Unlike previous Colombian presidents, who kept strong ties with Israel, Petro has been an outspoken critic of the middle eastern nation, and initially refused to condemn the Hamas attack that preceded Israel’s invasion of Gaza.
MEXICO
Mexican President Andrés Manuel López Obrador acknowledged that authorities have had to set up camps for displaced people after some 4,200 residents fled a town in the southern state of Chiapas.
Residents of the town of Tila fled over the weekend after armed gangs shot up the town and burned many homes last week, state prosecutors said.
It was probably the biggest mass displacement in Chiapas since 1997.
Some residents recounted spending days trapped in their homes before army troops and state police showed up over the weekend to allow them to leave.
Photos distributed by state authorities showed people fleeing with just purses on their shoulders, or sometimes small backpacks or shoulder bags.
López Obrador depicted the assault as “a conflict between the very same people” of the town of Tila, an apparent reference to a longstanding land dispute between farmers.
Víctor Gómez, a resident of Tila, said many people spent three days in their homes, too afraid to go outside, before federal forces arrived.

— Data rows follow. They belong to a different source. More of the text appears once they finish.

(* Let $1<p<2$ and $\alpha\in\mathbb R$, or $p=2$ and $\alpha\le0$. There is $C>0$ such that for all $N\ge1$, $$\sup_{A\subset\mathbb Z,\ |A|\le N}\|S_A\|_{L^p(\log L)^\alpha\to L^p(\log L)^\alpha}\le C\,N^{\frac1p-\frac12}(\log(e+N))^{-\alpha}.$$
   Context: On $\mathbb T\equiv[-\pi,\pi)$: $L^p(\log L)^\alpha(\mathbb T)$ is the Orlicz space $L^\Phi$, $\Phi(t)=\int_0^ts^{p-1}(\log(c+s))^{\alpha p}ds$ ($c>1$ fixed, large enough that $\Phi$ is a Young function), Luxemburg norm. For finite $A\subset\mathbb Z$, $S_A(g)=\sum_{n\in A}\hat g(n)e^{inx}$, where $\hat g(n)$ are the Fourier coefficients of $g\in L^1(\mathbb T)$. *)

theory Defs
  imports "HOL-Analysis.Analysis"
begin

definition torus :: "real set" where
  "torus = {-pi..<pi}"

definition fourier_coeff :: "(real \<Rightarrow> complex) \<Rightarrow> int \<Rightarrow> complex" where
  "fourier_coeff g n =
     complex_of_real (1 / (2 * pi)) *
       set_lebesgue_integral lborel torus (\<lambda>x. g x * exp (- (\<i> * of_int n * of_real x)))"

definition partial_sum :: "int set \<Rightarrow> (real \<Rightarrow> complex) \<Rightarrow> real \<Rightarrow> complex" where
  "partial_sum A g x = (\<Sum>n\<in>A. fourier_coeff g n * exp (\<i> * of_int n * of_real x))"

definition PhiLlog :: "real \<Rightarrow> real \<Rightarrow> real \<Rightarrow> real \<Rightarrow> real" where
  "PhiLlog p \<alpha> c t = integral {0..t} (\<lambda>s. s powr (p - 1) * (ln (c + s)) powr (\<alpha> * p))"

definition young_function :: "(real \<Rightarrow> real) \<Rightarrow> bool" where
  "young_function \<Phi> \<longleftrightarrow> \<Phi> 0 = 0 \<and> convex_on {0..} \<Phi> \<and> mono_on {0..} \<Phi>
     \<and> continuous_on {0..} \<Phi> \<and> filterlim \<Phi> at_top at_top"

definition orlicz_modular :: "(real \<Rightarrow> real) \<Rightarrow> (real \<Rightarrow> complex) \<Rightarrow> ennreal" where
  "orlicz_modular \<Phi> g = (\<integral>\<^sup>+ x\<in>torus. ennreal (\<Phi> (norm (g x))) \<partial>lborel)"

definition orlicz_space :: "(real \<Rightarrow> real) \<Rightarrow> (real \<Rightarrow> complex) set" where
  "orlicz_space \<Phi> = {g. g \<in> borel_measurable lborel \<and>
      (\<exists>l>0. orlicz_modular \<Phi> (\<lambda>x. g x / of_real l) \<le> 1)}"

definition luxemburg_norm :: "(real \<Rightarrow> real) \<Rightarrow> (real \<Rightarrow> complex) \<Rightarrow> real" where
  "luxemburg_norm \<Phi> g = Inf {l. l > 0 \<and> orlicz_modular \<Phi> (\<lambda>x. g x / of_real l) \<le> 1}"

end

theory Submission
  imports Defs
begin

text \<open>Normalise g so that its Orlicz modular is at most 1 and cut it at a height l with
  Phi(l) >= N. By convexity the part above l has L^1 norm at most l / Phi(l), so each of its
  Fourier coefficients is small; since Phi has upper type 2, the part below l has squared
  L^2 norm at most K l^2 / Phi(l), and Bessel's inequality applies to it. Together,
  ||S_A g||_2^2 <~ l^2 / N. Upper type 2 also gives Phi(t) <~ 1 + t^2, so this L^2 bound
  controls the modular of S_A g, whence ||S_A g||_Phi <~ l / sqrt N. For
  Phi(t) ~ t^p (log t)^(alpha p) one can take l ~ N^(1/p) (log N)^(-alpha).\<close>

section \<open>Growth of the Orlicz function\<close>

definition llog_density :: "real \<Rightarrow> real \<Rightarrow> real \<Rightarrow> real \<Rightarrow> real" where
  "llog_density p \<alpha> c s = s powr (p - 1) * ln (c + s) powr (\<alpha> * p)"

lemma PhiLlog_eq_integral: "PhiLlog p \<alpha> c t = integral {0..t} (llog_density p \<alpha> c)"
  unfolding PhiLlog_def llog_density_def by (rule refl)

lemma llog_density_nonneg: "llog_density p \<alpha> c s \<ge> 0"
  unfolding llog_density_def by simp

lemma continuous_on_llog_density:
  assumes "p > 1" "c > 1"
  shows "continuous_on {0..} (llog_density p \<alpha> c)"
  unfolding llog_density_def
proof (rule continuous_on_mult)
  show "continuous_on {0..} (\<lambda>x::real. x powr (p - 1))"
    by (rule continuous_on_powr') (use assms in \<open>auto intro!: continuous_intros\<close>)
  show "continuous_on {0..} (\<lambda>x::real. ln (c + x) powr (\<alpha> * p))"
    by (rule continuous_on_powr) (use assms in \<open>auto intro!: continuous_intros\<close>)
qed

lemma integrable_llog_density:
  assumes "p > 1" "c > 1" "0 \<le> a"
  shows "llog_density p \<alpha> c integrable_on {a..b}"
  by (rule integrable_continuous_interval,
      rule continuous_on_subset[OF continuous_on_llog_density[OF assms(1,2)]])
     (use assms in auto)

lemma PhiLlog_nonneg: "p > 1 \<Longrightarrow> c > 1 \<Longrightarrow> PhiLlog p \<alpha> c t \<ge> 0"
  unfolding PhiLlog_eq_integral
  by (cases "0 \<le> t") (auto intro!: integral_nonneg integrable_llog_density llog_density_nonneg)

lemma PhiLlog_mult_eq:
  assumes "p > 1" "c > 1" "r > 0" "t \<ge> 0"
  shows "PhiLlog p \<alpha> c (r * t) = r * integral {0..t} (\<lambda>u. llog_density p \<alpha> c (r * u))"
proof -
  have "(llog_density p \<alpha> c has_integral PhiLlog p \<alpha> c (r * t)) {0..r * t}"
    unfolding PhiLlog_eq_integral using integrable_llog_density[OF assms(1,2), of 0]
    by (simp add: has_integral_integral)
  from has_integral_stretch_real[OF this, of r]
  have "((\<lambda>u. llog_density p \<alpha> c (r * u)) has_integral (1 / r) * PhiLlog p \<alpha> c (r * t))
          ((\<lambda>x. x / r) ` {0..r * t})"
    using assms by simp
  moreover have "(\<lambda>x. x / r) ` {0..r * t} = {0..t}"
  proof
    show "(\<lambda>x. x / r) ` {0..r * t} \<subseteq> {0..t}" using assms by (auto simp: field_simps)
    show "{0..t} \<subseteq> (\<lambda>x. x / r) ` {0..r * t}"
    proof
      fix x assume "x \<in> {0..t}"
      then have "r * x \<in> {0..r * t}" "x = (r * x) / r" using assms by auto
      then show "x \<in> (\<lambda>x. x / r) ` {0..r * t}" by blast
    qed
  qed
  ultimately have "integral {0..t} (\<lambda>u. llog_density p \<alpha> c (r * u)) = (1 / r) * PhiLlog p \<alpha> c (r * t)"
    by (metis integral_unique)
  then show ?thesis using assms by simp
qed

lemma ln_add_mult_le:
  fixes c r u :: real
  assumes "c > 1" "r \<ge> 1" "u \<ge> 0"
  shows "ln (c + r * u) \<le> (1 + ln r / ln c) * ln (c + u)"
proof -
  have "c + r * u \<le> r * (c + u)"
    using assms mult_right_mono[of 1 r c] by (simp add: algebra_simps)
  then have "ln (c + r * u) \<le> ln (r * (c + u))"
    using assms by (intro ln_mono) (auto intro: add_pos_nonneg)
  also have "\<dots> = ln r + ln (c + u)" using assms by (simp add: ln_mult)
  also have "ln r \<le> ln r / ln c * ln (c + u)"
  proof -
    have "ln r * ln c \<le> ln r * ln (c + u)" using assms by (intro mult_left_mono) auto
    then show ?thesis using assms by (simp add: field_simps)
  qed
  finally show ?thesis by (simp add: algebra_simps)
qed

lemma llog_density_mult_le:
  assumes "p > 1" "c > 1" "r \<ge> 1" "u \<ge> 0"
  shows "llog_density p \<alpha> c (r * u)
           \<le> r powr (p - 1) * (1 + ln r / ln c) powr (max \<alpha> 0 * p) * llog_density p \<alpha> c u"
proof -
  define X where "X = 1 + ln r / ln c"
  have X1: "X \<ge> 1" using assms unfolding X_def by simp
  have "r * u \<ge> 0" using assms by simp
  then have "1 < c + r * u" using assms by linarith
  then have ln_pos: "ln (c + u) > 0" "ln (c + r * u) > 0" using assms by (auto intro!: ln_gt_zero)
  have "ln (c + r * u) powr (\<alpha> * p) \<le> X powr (max \<alpha> 0 * p) * ln (c + u) powr (\<alpha> * p)"
  proof (cases "\<alpha> \<le> 0")
    case True
    have "ln (c + u) \<le> ln (c + r * u)"
      using assms mult_right_mono[of 1 r u] by (intro ln_mono) auto
    then have "ln (c + r * u) powr (\<alpha> * p) \<le> ln (c + u) powr (\<alpha> * p)"
      using True assms ln_pos by (intro powr_mono2') (auto simp: mult_nonpos_nonneg)
    then show ?thesis using True X1 by simp
  next
    case False
    have "ln (c + r * u) powr (\<alpha> * p) \<le> (X * ln (c + u)) powr (\<alpha> * p)"
      using False assms ln_pos ln_add_mult_le[OF assms(2-4)] unfolding X_def
      by (intro powr_mono2) auto
    also have "\<dots> = X powr (\<alpha> * p) * ln (c + u) powr (\<alpha> * p)"
      using X1 ln_pos by (simp add: powr_mult)
    finally show ?thesis using False by simp
  qed
  then have "r powr (p - 1) * u powr (p - 1) * ln (c + r * u) powr (\<alpha> * p)
      \<le> r powr (p - 1) * u powr (p - 1) * (X powr (max \<alpha> 0 * p) * ln (c + u) powr (\<alpha> * p))"
    by (intro mult_left_mono) auto
  then show ?thesis
    unfolding llog_density_def X_def using assms by (simp add: powr_mult ac_simps)
qed

lemma PhiLlog_mult_le:
  assumes "p > 1" "c > 1" "r \<ge> 1" "t \<ge> 0"
  shows "PhiLlog p \<alpha> c (r * t) \<le> r powr p * (1 + ln r / ln c) powr (max \<alpha> 0 * p) * PhiLlog p \<alpha> c t"
proof -
  define G where "G = r powr (p - 1) * (1 + ln r / ln c) powr (max \<alpha> 0 * p)"
  have "PhiLlog p \<alpha> c (r * t) = r * integral {0..t} (\<lambda>u. llog_density p \<alpha> c (r * u))"
    using assms by (intro PhiLlog_mult_eq) auto
  also have "integral {0..t} (\<lambda>u. llog_density p \<alpha> c (r * u))
               \<le> integral {0..t} (\<lambda>u. G * llog_density p \<alpha> c u)"
  proof (rule integral_le)
    show "(\<lambda>u. llog_density p \<alpha> c (r * u)) integrable_on {0..t}"
      using assms
      by (intro integrable_continuous_interval
          continuous_on_compose2[OF continuous_on_llog_density[OF assms(1,2)]] continuous_intros) auto
    show "(\<lambda>u. G * llog_density p \<alpha> c u) integrable_on {0..t}"
      by (intro integrable_on_mult_right integrable_llog_density) (use assms in auto)
    show "\<And>u. u \<in> {0..t} \<Longrightarrow> llog_density p \<alpha> c (r * u) \<le> G * llog_density p \<alpha> c u"
      unfolding G_def using assms by (intro llog_density_mult_le) auto
  qed
  also have "integral {0..t} (\<lambda>u. G * llog_density p \<alpha> c u) = G * PhiLlog p \<alpha> c t"
    by (simp add: PhiLlog_eq_integral)
  finally have "PhiLlog p \<alpha> c (r * t) \<le> r * (G * PhiLlog p \<alpha> c t)"
    using assms by (simp add: mult_left_mono)
  also have "\<dots> = r powr p * (1 + ln r / ln c) powr (max \<alpha> 0 * p) * PhiLlog p \<alpha> c t"
    unfolding G_def using assms by (simp add: powr_diff field_simps)
  finally show ?thesis .
qed

lemma one_plus_ln_div_powr_le:
  fixes a b \<epsilon> x :: real
  assumes "a \<ge> 0" "b > 0" "\<epsilon> > 0" "x \<ge> 1"
  shows "(1 + ln x / b) powr a \<le> (1 + a / (\<epsilon> * b)) powr a * x powr \<epsilon>"
proof (cases "a = 0")
  case True
  have "1 + ln x / b > 0" using assms by (simp add: add_pos_nonneg)
  moreover have "x powr \<epsilon> \<ge> 1" using assms by (simp add: ge_one_powr_ge_zero)
  ultimately show ?thesis using True by simp
next
  case False
  then have a: "a > 0" using assms by simp
  have y1: "x powr (\<epsilon> / a) \<ge> 1" using assms a by (simp add: ge_one_powr_ge_zero)
  have "ln x = (a / \<epsilon>) * ln (x powr (\<epsilon> / a))" using assms a by (simp add: ln_powr)
  also have "\<dots> \<le> (a / \<epsilon>) * x powr (\<epsilon> / a)"
    using y1 assms a ln_le_minus_one[of "x powr (\<epsilon> / a)"] by (intro mult_left_mono) auto
  finally have "1 + ln x / b \<le> 1 + (a / (\<epsilon> * b)) * x powr (\<epsilon> / a)"
    using assms by (simp add: field_simps divide_right_mono)
  also have "\<dots> \<le> (1 + a / (\<epsilon> * b)) * x powr (\<epsilon> / a)" using y1 by (simp add: algebra_simps)
  finally have "(1 + ln x / b) powr a \<le> ((1 + a / (\<epsilon> * b)) * x powr (\<epsilon> / a)) powr a"
    using assms a by (intro powr_mono2) auto
  also have "\<dots> = (1 + a / (\<epsilon> * b)) powr a * x powr \<epsilon>"
    using assms a by (simp add: powr_mult powr_powr)
  finally show ?thesis .
qed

“A lot of people left with what they had on their backs, without money, without clothing, they left behind all their possessions, a lot of their pets remained in Tila because they could not be evacuated,” he said.
But observers said criminal gangs and political interests were behind the clash.
The Digna Ochoa Human Rights Center said a group calling itself the “Autonomos,” or Autonomous Ones, was behind the violence, and said it was linked to drug trafficking.
At least two people were confirmed dead and at least 17 buildings were burned last week, according to state prosecutors.
The gangs had also been blamed for extorting protection payments from residents and setting up roadblocks.
López Obrador said food was being supplied to the camps. He claimed “things have calmed down,” and said the government now wanted to start negotiations with the groups “to reach an agreement so that people can return to their communities.”